## EXERCISE
Give back the line in the listing below that contains "proof (induction k arbitrary: u)" and all remaining lines, retyped exactly, through the last line.

START DATASET RECORDS

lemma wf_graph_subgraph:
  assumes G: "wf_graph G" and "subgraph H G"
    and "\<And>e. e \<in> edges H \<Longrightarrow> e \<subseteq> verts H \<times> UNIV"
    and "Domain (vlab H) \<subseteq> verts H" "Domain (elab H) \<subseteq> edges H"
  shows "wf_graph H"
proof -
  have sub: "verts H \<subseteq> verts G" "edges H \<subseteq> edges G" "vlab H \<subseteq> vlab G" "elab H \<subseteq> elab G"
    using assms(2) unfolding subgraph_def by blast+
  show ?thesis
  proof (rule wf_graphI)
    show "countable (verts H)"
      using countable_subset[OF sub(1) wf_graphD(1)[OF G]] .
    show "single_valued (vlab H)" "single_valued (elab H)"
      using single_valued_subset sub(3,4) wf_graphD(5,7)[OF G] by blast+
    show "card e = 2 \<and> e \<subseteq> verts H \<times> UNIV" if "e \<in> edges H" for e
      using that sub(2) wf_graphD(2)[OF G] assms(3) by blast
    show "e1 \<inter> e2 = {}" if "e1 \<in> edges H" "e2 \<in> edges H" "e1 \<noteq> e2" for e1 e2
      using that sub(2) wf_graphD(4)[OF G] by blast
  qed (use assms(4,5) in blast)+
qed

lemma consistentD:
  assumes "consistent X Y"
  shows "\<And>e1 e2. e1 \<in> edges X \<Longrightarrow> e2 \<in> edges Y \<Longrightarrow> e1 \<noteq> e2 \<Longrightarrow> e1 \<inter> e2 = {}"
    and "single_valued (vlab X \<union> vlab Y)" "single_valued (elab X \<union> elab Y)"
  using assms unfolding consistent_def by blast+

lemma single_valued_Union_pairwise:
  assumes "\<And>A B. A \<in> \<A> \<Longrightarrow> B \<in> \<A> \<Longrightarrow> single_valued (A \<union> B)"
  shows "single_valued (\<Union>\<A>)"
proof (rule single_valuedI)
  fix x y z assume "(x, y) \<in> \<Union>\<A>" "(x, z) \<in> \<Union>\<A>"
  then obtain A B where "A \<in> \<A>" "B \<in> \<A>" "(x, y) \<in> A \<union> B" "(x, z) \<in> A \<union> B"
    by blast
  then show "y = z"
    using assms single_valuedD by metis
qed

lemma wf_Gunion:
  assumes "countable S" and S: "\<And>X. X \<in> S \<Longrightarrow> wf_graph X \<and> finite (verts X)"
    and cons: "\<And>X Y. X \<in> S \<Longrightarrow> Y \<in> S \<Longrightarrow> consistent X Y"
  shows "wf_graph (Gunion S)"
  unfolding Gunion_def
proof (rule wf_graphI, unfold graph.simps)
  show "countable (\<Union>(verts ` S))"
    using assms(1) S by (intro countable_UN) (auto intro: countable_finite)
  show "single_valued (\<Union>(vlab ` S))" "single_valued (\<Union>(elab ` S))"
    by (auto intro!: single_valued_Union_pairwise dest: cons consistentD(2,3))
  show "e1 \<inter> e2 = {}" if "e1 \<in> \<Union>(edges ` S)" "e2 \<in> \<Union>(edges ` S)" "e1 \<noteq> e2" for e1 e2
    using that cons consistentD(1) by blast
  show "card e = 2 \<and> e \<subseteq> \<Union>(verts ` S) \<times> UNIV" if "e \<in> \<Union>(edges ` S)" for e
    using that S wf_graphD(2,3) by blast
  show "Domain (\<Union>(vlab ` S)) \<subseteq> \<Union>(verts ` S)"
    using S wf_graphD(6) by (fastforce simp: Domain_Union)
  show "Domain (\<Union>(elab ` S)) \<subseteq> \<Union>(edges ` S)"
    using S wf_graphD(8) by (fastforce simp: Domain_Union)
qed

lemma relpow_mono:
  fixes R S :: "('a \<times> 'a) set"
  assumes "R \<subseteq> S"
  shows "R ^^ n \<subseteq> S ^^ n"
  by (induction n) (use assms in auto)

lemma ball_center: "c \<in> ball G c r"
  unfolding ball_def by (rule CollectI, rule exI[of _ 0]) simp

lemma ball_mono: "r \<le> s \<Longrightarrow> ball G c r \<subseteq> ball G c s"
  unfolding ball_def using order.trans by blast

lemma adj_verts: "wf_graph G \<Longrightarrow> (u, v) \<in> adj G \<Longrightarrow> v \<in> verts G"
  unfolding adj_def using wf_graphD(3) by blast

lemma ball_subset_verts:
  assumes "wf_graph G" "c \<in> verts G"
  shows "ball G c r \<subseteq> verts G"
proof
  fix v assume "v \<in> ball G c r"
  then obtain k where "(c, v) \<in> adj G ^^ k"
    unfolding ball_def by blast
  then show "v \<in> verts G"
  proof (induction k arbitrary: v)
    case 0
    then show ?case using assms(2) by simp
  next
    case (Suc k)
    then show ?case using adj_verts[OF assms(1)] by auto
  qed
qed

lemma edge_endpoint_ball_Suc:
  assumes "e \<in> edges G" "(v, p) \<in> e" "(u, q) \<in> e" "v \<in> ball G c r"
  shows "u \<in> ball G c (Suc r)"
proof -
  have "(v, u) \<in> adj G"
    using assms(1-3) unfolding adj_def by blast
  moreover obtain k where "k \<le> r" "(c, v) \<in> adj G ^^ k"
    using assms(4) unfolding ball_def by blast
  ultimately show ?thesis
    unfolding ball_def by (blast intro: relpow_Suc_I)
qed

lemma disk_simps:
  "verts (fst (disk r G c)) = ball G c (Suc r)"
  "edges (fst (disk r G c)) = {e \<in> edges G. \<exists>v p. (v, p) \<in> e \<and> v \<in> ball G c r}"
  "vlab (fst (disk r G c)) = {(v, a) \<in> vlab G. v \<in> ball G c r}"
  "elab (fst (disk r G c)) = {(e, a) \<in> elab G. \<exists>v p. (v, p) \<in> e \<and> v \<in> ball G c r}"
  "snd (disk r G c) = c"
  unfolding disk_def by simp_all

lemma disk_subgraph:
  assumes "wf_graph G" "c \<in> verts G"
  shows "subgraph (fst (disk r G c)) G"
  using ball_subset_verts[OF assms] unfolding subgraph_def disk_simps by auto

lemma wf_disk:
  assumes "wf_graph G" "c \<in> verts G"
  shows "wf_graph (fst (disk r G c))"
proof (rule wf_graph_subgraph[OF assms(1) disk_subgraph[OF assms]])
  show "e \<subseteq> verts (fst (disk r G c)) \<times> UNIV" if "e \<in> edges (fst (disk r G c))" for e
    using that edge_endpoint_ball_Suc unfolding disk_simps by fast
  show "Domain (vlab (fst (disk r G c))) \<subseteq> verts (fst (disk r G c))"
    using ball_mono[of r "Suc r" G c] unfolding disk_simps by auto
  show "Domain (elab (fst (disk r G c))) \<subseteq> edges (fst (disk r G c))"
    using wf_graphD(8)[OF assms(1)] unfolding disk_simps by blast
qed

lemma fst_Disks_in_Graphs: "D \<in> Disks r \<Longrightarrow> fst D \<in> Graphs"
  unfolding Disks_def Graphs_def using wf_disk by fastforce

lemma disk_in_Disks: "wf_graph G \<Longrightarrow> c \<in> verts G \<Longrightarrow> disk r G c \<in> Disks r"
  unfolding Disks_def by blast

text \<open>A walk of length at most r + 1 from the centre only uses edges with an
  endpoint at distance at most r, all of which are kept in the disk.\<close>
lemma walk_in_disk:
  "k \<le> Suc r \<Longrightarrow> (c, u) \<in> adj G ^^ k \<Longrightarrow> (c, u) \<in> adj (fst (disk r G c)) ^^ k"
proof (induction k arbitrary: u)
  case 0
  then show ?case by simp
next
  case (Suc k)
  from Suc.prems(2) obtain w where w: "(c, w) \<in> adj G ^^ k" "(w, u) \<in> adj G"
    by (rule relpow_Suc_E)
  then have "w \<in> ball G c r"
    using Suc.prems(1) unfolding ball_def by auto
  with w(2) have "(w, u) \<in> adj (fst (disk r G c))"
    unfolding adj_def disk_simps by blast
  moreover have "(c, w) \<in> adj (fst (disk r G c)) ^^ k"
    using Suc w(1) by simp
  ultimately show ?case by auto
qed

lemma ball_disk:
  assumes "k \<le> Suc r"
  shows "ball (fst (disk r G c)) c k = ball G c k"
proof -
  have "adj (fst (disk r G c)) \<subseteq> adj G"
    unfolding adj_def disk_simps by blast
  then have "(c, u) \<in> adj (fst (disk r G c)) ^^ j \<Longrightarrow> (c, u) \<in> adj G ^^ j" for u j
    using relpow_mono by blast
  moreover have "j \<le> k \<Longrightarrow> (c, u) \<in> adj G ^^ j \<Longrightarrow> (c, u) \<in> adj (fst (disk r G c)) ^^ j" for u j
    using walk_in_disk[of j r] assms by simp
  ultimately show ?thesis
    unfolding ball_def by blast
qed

END DATASET RECORDS

## EXERCISE SOLUTION
proof (induction k arbitrary: u)
  case 0
  then show ?case by simp
next
  case (Suc k)
  from Suc.prems(2) obtain w where w: "(c, w) \<in> adj G ^^ k" "(w, u) \<in> adj G"
    by (rule relpow_Suc_E)
  then have "w \<in> ball G c r"
    using Suc.prems(1) unfolding ball_def by auto
  with w(2) have "(w, u) \<in> adj (fst (disk r G c))"
    unfolding adj_def disk_simps by blast
  moreover have "(c, w) \<in> adj (fst (disk r G c)) ^^ k"
    using Suc w(1) by simp
  ultimately show ?case by auto
qed

lemma ball_disk:
  assumes "k \<le> Suc r"
  shows "ball (fst (disk r G c)) c k = ball G c k"
proof -
  have "adj (fst (disk r G c)) \<subseteq> adj G"
    unfolding adj_def disk_simps by blast
  then have "(c, u) \<in> adj (fst (disk r G c)) ^^ j \<Longrightarrow> (c, u) \<in> adj G ^^ j" for u j
    using relpow_mono by blast
  moreover have "j \<le> k \<Longrightarrow> (c, u) \<in> adj G ^^ j \<Longrightarrow> (c, u) \<in> adj (fst (disk r G c)) ^^ j" for u j
    using walk_in_disk[of j r] assms by simp
  ultimately show ?thesis
    unfolding ball_def by blast
qed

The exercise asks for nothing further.